I haven't played a lot with this pattern, but I think you need to make up to 3 database transactions using this pattern and I wouldn't use the KafkaTransactions here, but:

@ApplicationScoped
public class NewAuthorConsumer {

    @Channel("new-book-out")
    Emitter<String> emitter;
    @Inject AuthorService authorService;

    @Incoming("new-author-in")
    Uni<Void> consume(Message<String> message) {
        // db tx 1 to create the author
        var id = authorService.handleAuthor(message.getPayload());
        // db tx 2 to query the author (this is just an example)
        var name = authorService.getAuthorName(id);
        return emitter.send(name).onFailure()
            .recoverWithUni(ex -> {
                 // failed to send
                 // db tx 3 to delete the author
                 authorService.deleteAuthor(id);
                 message.nack(ex);
            })
            .onItem().transformToUni(unused -> message.ack());
    }
}

Note that I haven't tested this code and also make sure that the commit strategy is manual for this consumer.

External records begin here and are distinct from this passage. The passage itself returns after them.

(* For every $t=0,1,\dots,T-1$, $H_t(s_t-\theta)\ge H_t(S_t)+K_t$.
   Context: Model. Fix an integer horizon $T\ge 2$, a discount factor $\alpha\in(0,1]$, and for $t=0,\dots,T-1$: unit ordering costs $c_t\in\mathbb R$, a salvage coefficient $c_T\in\mathbb R$, setup costs $K_t\ge 0$, functions $G_t:\mathbb R\to\mathbb R$, and independent nonnegative random demands $D_0,\dots,D_{T-1}$ with right-continuous distribution functions $F_t$ and finite means; all expectations appearing are assumed finite. Put $C_t(y)=(c_t-\alpha c_{t+1})y+G_t(y)+\alpha c_{t+1}E[D_t]$. Standing assumptions: (i) each $C_t$ is convex with $C_t(y)\to+\infty$ as $|y|\to\infty$; (ii) $K_t\ge \alpha K_{t+1}$ for $t=0,\dots,T-2$. Grid construction. Fix $\theta>0$, $z_m=m\theta$, $Z_\theta=\{z_m:m\in\mathbb Z\}$, $f_t(n)=F_t(z_{n+1})-F_t(z_n)$ ($n\ge -1$). $C^m_t=\min\{y: C_t(y)=\min_x C_t(x)\}$; with $z_{n_0}<C^m_t\le z_{n_0+1}$, $S^U_t=\min\{z_m\in Z_\theta: z_m\ge C^m_t,\ C_t(z_m)>C_t(z_{n_0})+K_t\}$. $s_{T-1}$ is a point with $s_{T-1}\le C^m_{T-1}$, $C_{T-1}(s_{T-1})=C_{T-1}(C^m_{T-1})+K_{T-1}$; $\bar I_{T-1}=s_{T-1}$. For $t=T-2,\dots,0$: $I_t=\max\{z_m\in Z_\theta: z_m<\min(\bar I_{t+1}-\theta,C^m_t)\}$, $\bar I_t=\max\{z_m\in Z_\theta: z_m\le I_t,\ C_t(z_m)>C_t(I_t)+K_t\}+\theta$. $H_{T-1}=C_{T-1}$, $S_{T-1}=C^m_{T-1}$; $V_t(y)=H_t(S_t)+K_t$ for $y<s_t$, $V_t(y)=H_t(y)$ for $y\ge s_t$. For $t=T-2,\dots,0$: $H_t(y)=C_t(y)+\alpha\sum_{n=-1}^\infty V_{t+1}(y-z_n)f_t(n)$; $S_t=\max\{z_m\in Z_\theta: I_t\le z_m\le S^U_t,\ H_t(z_m)=\min\{H_t(z_n):z_n\in Z_\theta, I_t\le z_n\le S^U_t\}\}$; $s_t=S_t$ if $K_t=0$, else $s_t=\min\{z_m\in Z_\theta:\bar I_t\le z_m\le S_t,\ H_t(z_m)\le H_t(S_t)+K_t\}$. *)

theory Defs
  imports "HOL-Probability.Probability"
begin

definition distF :: "real measure \<Rightarrow> real \<Rightarrow> real" where
  "distF D x = measure D {..x}"

definition meanD :: "real measure \<Rightarrow> real" where
  "meanD D = integral\<^sup>L D (\<lambda>x. x)"

definition Ccost :: "real \<Rightarrow> (nat \<Rightarrow> real) \<Rightarrow> (nat \<Rightarrow> real \<Rightarrow> real) \<Rightarrow> (nat \<Rightarrow> real measure) \<Rightarrow> nat \<Rightarrow> real \<Rightarrow> real" where
  "Ccost \<alpha> c G M t y = (c t - \<alpha> * c (Suc t)) * y + G t y + \<alpha> * c (Suc t) * meanD (M t)"

definition zg :: "real \<Rightarrow> int \<Rightarrow> real" where
  "zg \<theta> m = real_of_int m * \<theta>"

definition fprob :: "(nat \<Rightarrow> real measure) \<Rightarrow> real \<Rightarrow> nat \<Rightarrow> int \<Rightarrow> real" where
  "fprob M \<theta> t n = distF (M t) (zg \<theta> (n + 1)) - distF (M t) (zg \<theta> n)"

definition Cmin :: "(real \<Rightarrow> real) \<Rightarrow> real" where
  "Cmin C = (LEAST y. \<forall>x. C y \<le> C x)"

text \<open>S^U, with n0 the index with z_{n0} < C^m <= z_{n0+1}\<close>
definition SUb :: "real \<Rightarrow> (real \<Rightarrow> real) \<Rightarrow> real \<Rightarrow> real" where
  "SUb \<theta> C k = (let n0 = \<lceil>Cmin C / \<theta>\<rceil> - 1 in
     zg \<theta> (LEAST m. Cmin C \<le> zg \<theta> m \<and> C (zg \<theta> n0) + k < C (zg \<theta> m)))"

definition slast :: "(real \<Rightarrow> real) \<Rightarrow> real \<Rightarrow> real" where
  "slast C k = (SOME s. s \<le> Cmin C \<and> C s = C (Cmin C) + k)"

definition Vfun :: "real \<Rightarrow> (real \<Rightarrow> real) \<Rightarrow> real \<Rightarrow> real \<Rightarrow> real \<Rightarrow> real" where
  "Vfun k H S s y = (if y < s then H S + k else H y)"

text \<open>Backward recursion. stage ... j describes period t = T-1-j and returns
  (H_t, S_t, s_t, I_t, Ibar_t). For t = T-1 the component I is a dummy (set to s_{T-1}).
  The sum over n >= -1 is written as a series over k :: nat with n = k - 1.\<close>
fun stage :: "nat \<Rightarrow> real \<Rightarrow> (nat \<Rightarrow> real) \<Rightarrow> real \<Rightarrow> (nat \<Rightarrow> real \<Rightarrow> real) \<Rightarrow> (nat \<Rightarrow> int \<Rightarrow> real)
    \<Rightarrow> nat \<Rightarrow> (real \<Rightarrow> real) \<times> real \<times> real \<times> real \<times> real" where
  "stage T \<alpha> K \<theta> C f 0 =
     (C (T - 1), Cmin (C (T - 1)), slast (C (T - 1)) (K (T - 1)),
      slast (C (T - 1)) (K (T - 1)), slast (C (T - 1)) (K (T - 1)))"
| "stage T \<alpha> K \<theta> C f (Suc j) =
    (case stage T \<alpha> K \<theta> C f j of (H', S', s', _, Ib') \<Rightarrow>
     (let t = T - 2 - j;
          V' = Vfun (K (Suc t)) H' S' s';
          H = (\<lambda>y. C t y + \<alpha> * (\<Sum>k. V' (y - zg \<theta> (int k - 1)) * f t (int k - 1)));
          I = zg \<theta> (GREATEST m. zg \<theta> m < min (Ib' - \<theta>) (Cmin (C t)));
          Ib = zg \<theta> (GREATEST m. zg \<theta> m \<le> I \<and> C t I + K t < C t (zg \<theta> m)) + \<theta>;
          SU = SUb \<theta> (C t) (K t);
          S = zg \<theta> (GREATEST m. I \<le> zg \<theta> m \<and> zg \<theta> m \<le> SU \<and>
                   (\<forall>n. I \<le> zg \<theta> n \<and> zg \<theta> n \<le> SU \<longrightarrow> H (zg \<theta> m) \<le> H (zg \<theta> n)));
          s = (if K t = 0 then S
               else zg \<theta> (LEAST m. Ib \<le> zg \<theta> m \<and> zg \<theta> m \<le> S \<and> H (zg \<theta> m) \<le> H S + K t))
      in (H, S, s, I, Ib)))"
lemma O_conv_compose:
  assumes "O_conv i g x" and "isotone_cofinal h"
  shows "O_conv i (g \<circ> h) x"
proof -
  have h: "mono h" "filterlim h at_top at_top"
    using assms(2) unfolding isotone_cofinal_iff_filterlim by auto
  have h_cofinal: "\<exists>\<beta>. \<alpha> \<le> h \<beta>" for \<alpha>
    using assms(2) unfolding isotone_cofinal_def by auto
  consider (O1) "i = 1" | (O23) "i \<noteq> 1" by blast
  then show ?thesis
  proof cases
    case O1
    then obtain y z where ev: "eventually (\<lambda>\<gamma>. y \<gamma> \<le> g \<gamma> \<and> g \<gamma> \<le> z \<gamma>) at_top"
      and y: "mono y" "is_sup (range y) x" and z: "antimono z" "is_inf (range z) x"
      using assms(1) unfolding O_conv_def O1_conv_def by auto
    have "eventually (\<lambda>\<gamma>. (y \<circ> h) \<gamma> \<le> (g \<circ> h) \<gamma> \<and> (g \<circ> h) \<gamma> \<le> (z \<circ> h) \<gamma>) at_top"
      using eventually_compose_filterlim[OF ev h(2)] by simp
    moreover have "mono (y \<circ> h)" "antimono (z \<circ> h)"
      using y(1) z(1) h(1) by (auto simp: mono_def antimono_def)
    moreover have "is_sup (range (y \<circ> h)) x"
      by (rule is_sup_cofinal_subset[OF y(2)]) (auto, meson h_cofinal y(1) monoD)
    moreover have "is_inf (range (z \<circ> h)) x"
      by (rule is_inf_coinitial_subset[OF z(2)]) (auto, meson h_cofinal z(1) antimonoD)
    ultimately have "O1_conv (g \<circ> h) x" unfolding O1_conv_def by blast
    with O1 show ?thesis unfolding O_conv_def by simp
  next
    case O23
    with assms(1) show ?thesis
      using eventually_in_intervals_compose[OF _ h(2)]
      unfolding O_conv_def O2_conv_def O3_conv_def eventually_in_intervals_def[symmetric]
      by (auto split: if_splits; blast)
  qed
qed

lemma O_conv_frequently_subseq:
  fixes g :: "'l::wellorder \<Rightarrow> 'p::order"
  assumes "O_conv i g z" and "\<exists>\<^sub>F \<beta> in at_top. P (g \<beta>)"
  obtains h where "isotone_cofinal h" "\<And>\<alpha>. P (g (h \<alpha>))" "O_conv i (g \<circ> h) z"
proof -
  obtain h where "isotone_cofinal h" "\<And>\<alpha>. P (g (h \<alpha>))"
    using frequently_at_top_enumeration[OF assms(2)] by blast
  then show thesis using that O_conv_compose[OF assms(1)] by blast
qed

section \<open>Subsequences indexed by a regular cardinal\<close>

lemma regular_bdd_above_image_atMost:
  fixes c :: "'l::wellorder \<Rightarrow> 'l"
  assumes "regular_cardinal_type TYPE('l)"
  shows "bdd_above (c ` {..b})"
proof (rule ccontr)
  let ?r = "lam_rel :: 'l rel"
  assume unbounded: "\<not> bdd_above (c ` {..b})"
  have field: "Field ?r = UNIV" unfolding lam_rel_def Field_def by auto
  have card: "Card_order ?r" and infinite: "\<not> finite (Field ?r)" and regular: "regularCard ?r"
    using assms field unfolding regular_cardinal_type_def by (auto simp: cinfinite_def)
  obtain b' where "b < b'"
    using infinite_Card_order_limit[OF card infinite, of b] field unfolding lam_rel_def
    by (auto intro: that simp: less_le)
  then have "{..b} \<subseteq> underS ?r b'" unfolding underS_def lam_rel_def by auto
  then have "|c ` {..b}| <o ?r"
    using card_of_image card_of_mono1 card_of_underS[OF card] field
    by (metis UNIV_I ordLeq_ordLess_trans)
  moreover have "|c ` {..b}| =o ?r"
  proof -
    have "cofinal (c ` {..b}) ?r"
      using unbounded unfolding cofinal_def bdd_above_def lam_rel_def field by force
    then show ?thesis using regular field unfolding regularCard_def by blast
  qed
  ultimately show False using not_ordLess_ordIso by blast
qed

lemma regular_frequently_eq_of_bounded:
  fixes k :: "'l::wellorder \<Rightarrow> 'l"
  assumes "regular_cardinal_type TYPE('l)" and "\<And>\<alpha>. k \<alpha> \<le> b"
  shows "\<exists>v. \<exists>\<^sub>F \<beta> in at_top. k \<beta> = v"
proof (rule ccontr)
  assume "\<nexists>v. \<exists>\<^sub>F \<beta> in at_top. k \<beta> = v"
  then have "\<forall>v. \<exists>C. \<forall>\<beta>\<ge>C. k \<beta> \<noteq> v"
    unfolding not_ex not_frequently eventually_at_top_linorder by blast
  then obtain C where C: "\<And>v \<beta>. C v \<le> \<beta> \<Longrightarrow> k \<beta> \<noteq> v" by metis
  obtain u where "\<And>v. v \<le> b \<Longrightarrow> C v \<le> u"
    using regular_bdd_above_image_atMost[OF assms(1), of C b] unfolding bdd_above_def by auto
  then show False using C assms(2) by blast
qed

lemma regular_frequently_record_of_unbounded:
  fixes k :: "'l::wellorder \<Rightarrow> 'l"
  assumes "regular_cardinal_type TYPE('l)" and "\<And>b. \<exists>\<alpha>. b < k \<alpha>"
  shows "\<exists>\<^sub>F \<delta> in at_top. \<forall>\<delta>'<\<delta>. k \<delta>' < k \<delta>"
  unfolding frequently_at_top_linorder
proof
  fix a
  obtain u where u: "\<And>\<alpha>. \<alpha> \<le> a \<Longrightarrow> k \<alpha> \<le> u"
    using regular_bdd_above_image_atMost[OF assms(1), of k a] unfolding bdd_above_def by auto
  define d where "d = (LEAST d. u < k d)"
  have d: "u < k d" unfolding d_def using assms(2)[of u] by (rule LeastI_ex)
  have "k \<delta>' < k d" if "\<delta>' < d" for \<delta>'
    using not_less_Least[OF that[unfolded d_def]] d by auto
  moreover have "a \<le> d"
  proof (rule ccontr)
    assume "\<not> a \<le> d"
    then have "k d \<le> u" using u by simp
    with d show False by simp
  qed
  ultimately show "\<exists>d\<ge>a. \<forall>\<delta>'<d. k \<delta>' < k d" by blast
qed

lemma regular_cofinal_monosub:
  fixes k :: "'l::wellorder \<Rightarrow> 'l"
  assumes "regular_cardinal_type TYPE('l)"
  shows "\<exists>\<gamma>. isotone_cofinal \<gamma> \<and> ((\<exists>c. \<forall>\<alpha>. k (\<gamma> \<alpha>) = c) \<or> isotone_cofinal (k \<circ> \<gamma>))"
proof (cases "\<exists>b. \<forall>\<alpha>. k \<alpha> \<le> b")
  case True
  then obtain v where "\<exists>\<^sub>F \<beta> in at_top. k \<beta> = v"
    using regular_frequently_eq_of_bounded[OF assms] by blast
  then obtain \<gamma> where "isotone_cofinal \<gamma>" "\<And>\<alpha>. k (\<gamma> \<alpha>) = v"
    by (rule frequently_at_top_enumeration) blast
  then show ?thesis by blast
next
  case False
  then have "\<exists>\<^sub>F \<delta> in at_top. \<forall>\<delta>'<\<delta>. k \<delta>' < k \<delta>"
    by (intro regular_frequently_record_of_unbounded[OF assms]) (meson not_le)
  then obtain \<gamma> where \<gamma>: "isotone_cofinal \<gamma>" "\<And>\<alpha>. \<alpha> \<le> \<gamma> \<alpha>"
    and exceeds_earlier: "\<And>\<alpha> \<delta>. \<delta> < \<gamma> \<alpha> \<Longrightarrow> k \<delta> < k (\<gamma> \<alpha>)"
    by (rule frequently_at_top_enumeration) blast
  have k_le: "k \<delta> \<le> k (\<gamma> \<alpha>)" if "\<delta> \<le> \<gamma> \<alpha>" for \<delta> \<alpha>
    using exceeds_earlier[of \<delta> \<alpha>] that unfolding le_less by auto
  have "mono (k \<circ> \<gamma>)"
    using \<gamma>(1) k_le unfolding isotone_cofinal_def mono_def by simp
  moreover have "\<exists>\<beta>. a \<le> k (\<gamma> \<beta>)" for a
  proof -
    obtain d where "a < k d" using False by (meson not_le)
    then show ?thesis using k_le[OF \<gamma>(2)[of d]] by (meson order.trans less_imp_le)
  qed
  ultimately show ?thesis using \<gamma>(1) unfolding isotone_cofinal_def by auto
qed

lemma O_conv_within_range:
  fixes f g :: "'l::wellorder \<Rightarrow> 'p::order"
  assumes "regular_cardinal_type TYPE('l)" and "range g \<subseteq> range f" and "O_conv i g z"
    and "\<not> degenerate_limit i z"
  shows "z \<in> range f \<or> (\<exists>h. isotone_cofinal h \<and> O_conv i (f \<circ> h) z)"
proof -
  have "\<forall>\<alpha>. \<exists>j. g \<alpha> = f j" using assms(2) by blast
  then obtain k where k: "g = f \<circ> k" unfolding fun_eq_iff comp_def by metis
  obtain \<gamma> where \<gamma>: "isotone_cofinal \<gamma>"
    and const_or_cofinal: "(\<exists>c. \<forall>\<alpha>. k (\<gamma> \<alpha>) = c) \<or> isotone_cofinal (k \<circ> \<gamma>)"
    using regular_cofinal_monosub[OF assms(1)] by blast
  have conv: "O_conv i (f \<circ> (k \<circ> \<gamma>)) z"
    using O_conv_compose[OF assms(3) \<gamma>] k by (simp add: comp_assoc)
  from const_or_cofinal show ?thesis
  proof
    assume "\<exists>c. \<forall>\<alpha>. k (\<gamma> \<alpha>) = c"
    then obtain c where "f \<circ> (k \<circ> \<gamma>) = (\<lambda>_. f c)" by (auto simp: fun_eq_iff)
    with conv have "z = f c" using O_conv_const_unique assms(4) by metis
    then show ?thesis by blast
  next
    assume "isotone_cofinal (k \<circ> \<gamma>)"
    with conv show ?thesis by blast
  qed
qed

section \<open>Closed sets and limits in the topology\<close>

lemma O_lam_closed_frequently:
  fixes g :: "'l::wellorder \<Rightarrow> 'p::order"
  assumes "O_lam_closed i TYPE('l) A" "O_conv i g z" "\<exists>\<^sub>F \<beta> in at_top. g \<beta> \<in> A"
  shows "z \<in> A"
proof -
  obtain h :: "'l \<Rightarrow> 'l" where "\<And>\<alpha>. g (h \<alpha>) \<in> A" "O_conv i (g \<circ> h) z"
    using O_conv_frequently_subseq[OF assms(2,3)] by blast
  moreover from this(1) have "range (g \<circ> h) \<subseteq> A" by auto
  ultimately show ?thesis using assms(1) unfolding O_lam_closed_def by blast
qed

lemma O_lam_closed_Un:
  assumes "O_lam_closed i TYPE('l::wellorder) A" "O_lam_closed i TYPE('l) B"
  shows "O_lam_closed i TYPE('l) (A \<union> (B :: 'p::order set))"
  unfolding O_lam_closed_def
proof (intro allI impI, elim conjE)
  fix g :: "'l \<Rightarrow> 'p" and z
  assume "range g \<subseteq> A \<union> B" "O_conv i g z"
  then show "z \<in> A \<union> B"
    using frequently_at_top_Un O_lam_closed_frequently assms by blast
qed

lemma istopology_O_lam_closed:
  "istopology (\<lambda>U. O_lam_closed i TYPE('l::wellorder) (- (U :: 'p::order set)))"
  unfolding istopology_def
proof (intro conjI allI impI)
  fix S T :: "'p set"
  assume "O_lam_closed i TYPE('l) (- S)" "O_lam_closed i TYPE('l) (- T)"
  then show "O_lam_closed i TYPE('l) (- (S \<inter> T))"
    unfolding Compl_Int by (rule O_lam_closed_Un)
next
  fix K :: "'p set set"
  assume "\<forall>U\<in>K. O_lam_closed i TYPE('l) (- U)"
  then show "O_lam_closed i TYPE('l) (- \<Union> K)" unfolding O_lam_closed_def by blast
qed

lemma closedin_tau_O:
  "closedin (tau_O i TYPE('l::wellorder)) K \<longleftrightarrow> O_lam_closed i TYPE('l) (K :: 'p::order set)"
proof -
  have open_iff: "openin (tau_O i TYPE('l)) U \<longleftrightarrow> O_lam_closed i TYPE('l) (- U)" for U :: "'p set"
    unfolding tau_O_def by (simp add: istopology_O_lam_closed)
  have "O_lam_closed i TYPE('l) ({} :: 'p set)" unfolding O_lam_closed_def by auto
  then have "topspace (tau_O i TYPE('l)) = (UNIV :: 'p set)"
    using open_iff[of UNIV] unfolding topspace_def by auto
  then show ?thesis unfolding closedin_def open_iff by (simp add: Compl_eq_Diff_UNIV Diff_Diff_Int)
qed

cescoffier commented 1 week ago

@ozangunalp was this related to the work you did on the emitter recently?

Note that database and Kafka transactions have very different semantic. Thus, I would not use them together as it is very likely not going to do what you think (especially when reading the KIP about Kafka transaction (server side defense))

ozangunalp commented 1 week ago

@cescoffier in part, yes. The other part is to be able to run blocking code inside the Kafka transaction.

Note that database and Kafka transactions have very different semantic. Thus, I would not use them together as it is very likely not going to do what you think

I think it is always useful to repeat that. The KIP-890 will bring some stability improvements to Kafka transactions but it is not there yet.